Squadron looks to clean up liquor laws
The State Senate passed two bills this month to clarify vague provisions in the laws governing liquor licenses.
State Sen. Daniel Squadron, who sponsored the bills, hopes they will make the State Liquor Authority’s decisions more consistent. The bills have sponsors in the Assembly but have not yet come to a vote there.
Squadron’s first bill relates to the 500-foot rule, which triggers a public hearing whenever a new bar seeks a liquor license within 500 feet of three or more existing establishments with liquor licenses. The State Liquor Authority is only supposed to grant a new license under the 500-foot rule if the new license in the public’s interest — a broad term that is not clearly defined, though the law lists several factors the S.L.A. could consider, including noise and parking impacts.

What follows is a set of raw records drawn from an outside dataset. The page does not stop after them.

lemma minkowski:
  fixes a b :: "'i \<Rightarrow> real"
  assumes p: "1 \<le> p" and I: "finite I" and nonneg: "\<And>i. i \<in> I \<Longrightarrow> 0 \<le> a i" "\<And>i. i \<in> I \<Longrightarrow> 0 \<le> b i"
  shows "(\<Sum>i\<in>I. (a i + b i) powr p) powr (1/p)
     \<le> (\<Sum>i\<in>I. a i powr p) powr (1/p) + (\<Sum>i\<in>I. b i powr p) powr (1/p)"
proof -
  define P where "P = (\<Sum>i\<in>I. a i powr p) powr (1/p)"
  define Q where "Q = (\<Sum>i\<in>I. b i powr p) powr (1/p)"
  have sums: "(\<Sum>i\<in>I. a i powr p) = P powr p" "(\<Sum>i\<in>I. b i powr p) = Q powr p"
    using p by (simp_all add: P_def Q_def powr_powr sum_nonneg)
  have vanish: "c i = 0" if "(\<Sum>i\<in>I. c i powr p) = 0" "i \<in> I" "\<And>i. i \<in> I \<Longrightarrow> 0 \<le> c i" for c i
    using sum_nonneg_eq_0_iff[of I "\<lambda>i. c i powr p"] that I by simp
  consider "P = 0" | "Q = 0" | "0 < P" "0 < Q" using P_def Q_def by fastforce
  then show ?thesis
  proof cases
    case 1
    then have "\<And>i. i \<in> I \<Longrightarrow> a i = 0" using vanish[of a] sums nonneg by simp
    then show ?thesis using 1 by (simp add: Q_def)
  next
    case 2
    then have "\<And>i. i \<in> I \<Longrightarrow> b i = 0" using vanish[of b] sums nonneg by simp
    then show ?thesis using 2 by (simp add: P_def)
  next
    case 3
    define l where "l = P / (P + Q)"
    have l: "0 < l" "l < 1" "1 - l = Q / (P + Q)" using 3 by (auto simp: l_def field_simps)
    have "(\<Sum>i\<in>I. (a i + b i) powr p)
        \<le> (\<Sum>i\<in>I. l powr (1 - p) * a i powr p + (1 - l) powr (1 - p) * b i powr p)"
      by (intro sum_mono powr_add_le_weighted[OF p l(1,2)] nonneg)
    also have "\<dots> = l powr (1 - p) * P powr p + (1 - l) powr (1 - p) * Q powr p"
      by (simp add: sum.distrib flip: sum_distrib_left sums)
    also have "\<dots> = P * (P + Q) powr (p - 1) + Q * (P + Q) powr (p - 1)"
    proof -
      have "(c / S) powr (1 - p) * c powr p = c * S powr (p - 1)" if "0 < c" "0 < S" for c S :: real
        using that by (simp add: powr_divide powr_diff powr_minus_divide field_simps)
      then show ?thesis using 3 unfolding l(3) unfolding l_def by simp
    qed
    also have "\<dots> = (P + Q) powr p"
      using 3 by (simp add: powr_mult_base flip: distrib_right)
    finally have "(\<Sum>i\<in>I. (a i + b i) powr p) powr (1/p) \<le> ((P + Q) powr p) powr (1/p)"
      using p by (intro powr_mono2) (auto intro: sum_nonneg)
    then show ?thesis
      using 3 p by (simp add: P_def Q_def powr_powr)
  qed
qed

lemma minkowski_family:
  fixes a :: "'i \<Rightarrow> 'j \<Rightarrow> real"
  assumes p: "1 \<le> p" and "finite I" "finite J" and "\<And>i j. i \<in> I \<Longrightarrow> j \<in> J \<Longrightarrow> 0 \<le> a i j"
  shows "(\<Sum>j\<in>J. (\<Sum>i\<in>I. a i j) powr p) powr (1/p) \<le> (\<Sum>i\<in>I. (\<Sum>j\<in>J. a i j powr p) powr (1/p))"
  using assms(2,4)
proof (induction I rule: finite_induct)
  case (insert i I)
  have "(\<Sum>j\<in>J. (a i j + (\<Sum>i\<in>I. a i j)) powr p) powr (1/p)
      \<le> (\<Sum>j\<in>J. a i j powr p) powr (1/p) + (\<Sum>j\<in>J. (\<Sum>i\<in>I. a i j) powr p) powr (1/p)"
    using insert.prems by (intro minkowski[OF p assms(3)]) (auto intro: sum_nonneg)
  with insert show ?case by simp
qed simp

Squadron’s bill requires that that the S.L.A. consider each of those factors, and adds in two additional ones: the applicant’s history with community boards and any past building or fire-safety violations the applicant has received at other establishments.

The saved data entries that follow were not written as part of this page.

lemma hw_grow_add_le_codeword:
  assumes "i < j" "j < 2^n" "first_one j a"
  shows "hw n (\<lambda>c. grow n i c + grow n j c) \<le> hw n (\<lambda>c. grow n i c + codeword n a c)"
  using assms
proof (induction n arbitrary: i j a)
  case 0
  then show ?case by simp
next
  case (Suc n)
  let ?a' = "\<lambda>k. a (k + 2^n)"
  have j: "j < 2 * 2^n" using Suc.prems by simp
  consider "2^n \<le> i" | "j < 2^n" | "i < 2^n" "2^n \<le> j" by linarith
  then show ?case
  proof cases
    case 1
    then have ij: "i - 2^n < j - 2^n" "j - 2^n < 2^n" "first_one (j - 2^n) ?a'"
      using Suc.prems j by (simp_all add: first_one_shift)
    have rows: "low_row n i = i - 2^n" "high_row n i = i - 2^n" "low_row n j = j - 2^n" "high_row n j = j - 2^n"
      using 1 Suc.prems j by (simp_all add: low_row_def high_row_def le_mod_geq)
    have "hw (Suc n) (\<lambda>c. grow (Suc n) i c + grow (Suc n) j c)
        = hw n (\<lambda>c. grow n (i - 2^n) c + grow n (j - 2^n) c) + hw n (\<lambda>c. grow n (i - 2^n) c + grow n (j - 2^n) c)"
      unfolding hw_grow_Suc_add rows
      by (intro arg_cong2[where f="(+)"] hw_cong) (simp_all add: grow_Suc_low grow_Suc_high rows)
    also have "\<dots> \<le> hw n (\<lambda>c. grow n (i - 2^n) c + codeword n ?a' c) + hw n (\<lambda>c. grow n (i - 2^n) c + codeword n ?a' c)"
      using ij by (intro add_mono Suc.IH)
    also have "\<dots> = hw (Suc n) (\<lambda>c. grow (Suc n) i c + codeword (Suc n) a c)"
      unfolding hw_grow_Suc_add rows using 1 Suc.prems
      by (intro arg_cong2[where f="(+)"] hw_cong) (simp_all add: codeword_first_one_high)
    finally show ?thesis .
  next
    case 2
    have "hw n (\<lambda>c. grow n (high_row n i) c + grow (Suc n) j (c + 2^n)) = 0"
      using 2 Suc.prems(1) by (simp add: hw_def grow_Suc_high low_high_row_simps grow_eq_0)
    then have "hw (Suc n) (\<lambda>c. grow (Suc n) i c + grow (Suc n) j c) = hw n (\<lambda>c. grow n i c + grow n j c)"
      unfolding hw_grow_Suc_add using 2 Suc.prems(1)
      by (simp, intro hw_cong) (simp add: grow_Suc_low low_high_row_simps)
    also have "\<dots> \<le> hw n (\<lambda>c. grow n i c + codeword n a c)"
      using Suc.prems(1) 2 Suc.prems(3) by (rule Suc.IH)
    also have "\<dots> \<le> hw n (\<lambda>c. grow n i c + (codeword n a c + codeword n ?a' c)) + hw n (codeword n ?a')"
      using hw_add_le[of n "\<lambda>c. grow n i c + (codeword n a c + codeword n ?a' c)" "codeword n ?a'"]
      by (simp only: add.assoc bit_add_self add_0_right)
    also have "\<dots> = hw (Suc n) (\<lambda>c. grow (Suc n) i c + codeword (Suc n) a c)"
      unfolding hw_grow_Suc_add using 2 Suc.prems(1)
      by (intro arg_cong2[where f="(+)"] hw_cong)
        (simp_all add: codeword_Suc_low codeword_Suc_high low_high_row_simps grow_eq_0)
    finally show ?thesis .
  next
    case 3
    txt \<open>By \<open>hw_add_hw_outside\<close> both sides are \<open>w(g\<^sub>i)\<close> plus twice a weight outside the
      support of \<open>g\<^sub>i\<close>, so the claim is the invariant \<open>hw_outside_grow_le_codeword\<close>.\<close>
    let ?x = "grow n (j - 2^n)" and ?y = "codeword n ?a'"
    have j': "j - 2^n < 2^n" "first_one (j - 2^n) ?a'" "low_row n j = j - 2^n" "high_row n j = j - 2^n"
      using 3 Suc.prems j by (simp_all add: first_one_shift low_row_def high_row_def le_mod_geq)
    have "hw (Suc n) (\<lambda>c. grow (Suc n) i c + grow (Suc n) j c) = hw n (\<lambda>c. grow n i c + ?x c) + hw n ?x"
      unfolding hw_grow_Suc_add using 3
      by (intro arg_cong2[where f="(+)"] hw_cong) (simp_all add: grow_Suc_low grow_Suc_high low_high_row_simps j' grow_eq_0)
    also have "\<dots> = hw n (grow n i) + 2 * hw_outside n (grow n i) ?x"
      by (rule hw_add_hw_outside)
    also have "\<dots> \<le> hw n (grow n i) + 2 * hw_outside n (grow n i) ?y"
      using j' by (simp add: hw_outside_grow_le_codeword)
    also have "\<dots> = hw n (\<lambda>c. grow n i c + ?y c) + hw n ?y"
      by (rule hw_add_hw_outside[symmetric])
    also have "\<dots> = hw (Suc n) (\<lambda>c. grow (Suc n) i c + codeword (Suc n) a c)"
      unfolding hw_grow_Suc_add using 3 Suc.prems(3)
      by (intro arg_cong2[where f="(+)"] hw_cong)
        (simp_all add: codeword_first_one_high low_high_row_simps grow_eq_0)
    finally show ?thesis .
  qed
qed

“There’s no question this is an improvement,” said Squadron, a former bar owner. “However, there’s also no question that in defining public benefit and ensuring consistency in the way the S.L.A., the community and the applicants interact, there’s still more to do.”
The chief problem is that unlike many other state agencies, the State Liquor Authority cannot make its own rules, but relies on the Legislature, Squadron said.
Squadron’s other S.L.A. bill this month would close a loophole in the 500-foot rule and the 200-foot rule, which prohibits new liquor licenses within 200 feet of a school or a place of worship. The law currently measures the 200 or 500 feet starting at the new bar’s front door, and Squadron said bar owners have moved their doors to skirt the law. His bill requires all measurements for future liquor licenses to be made from the property line instead. The new restriction would not apply to anyone who has already applied for a license.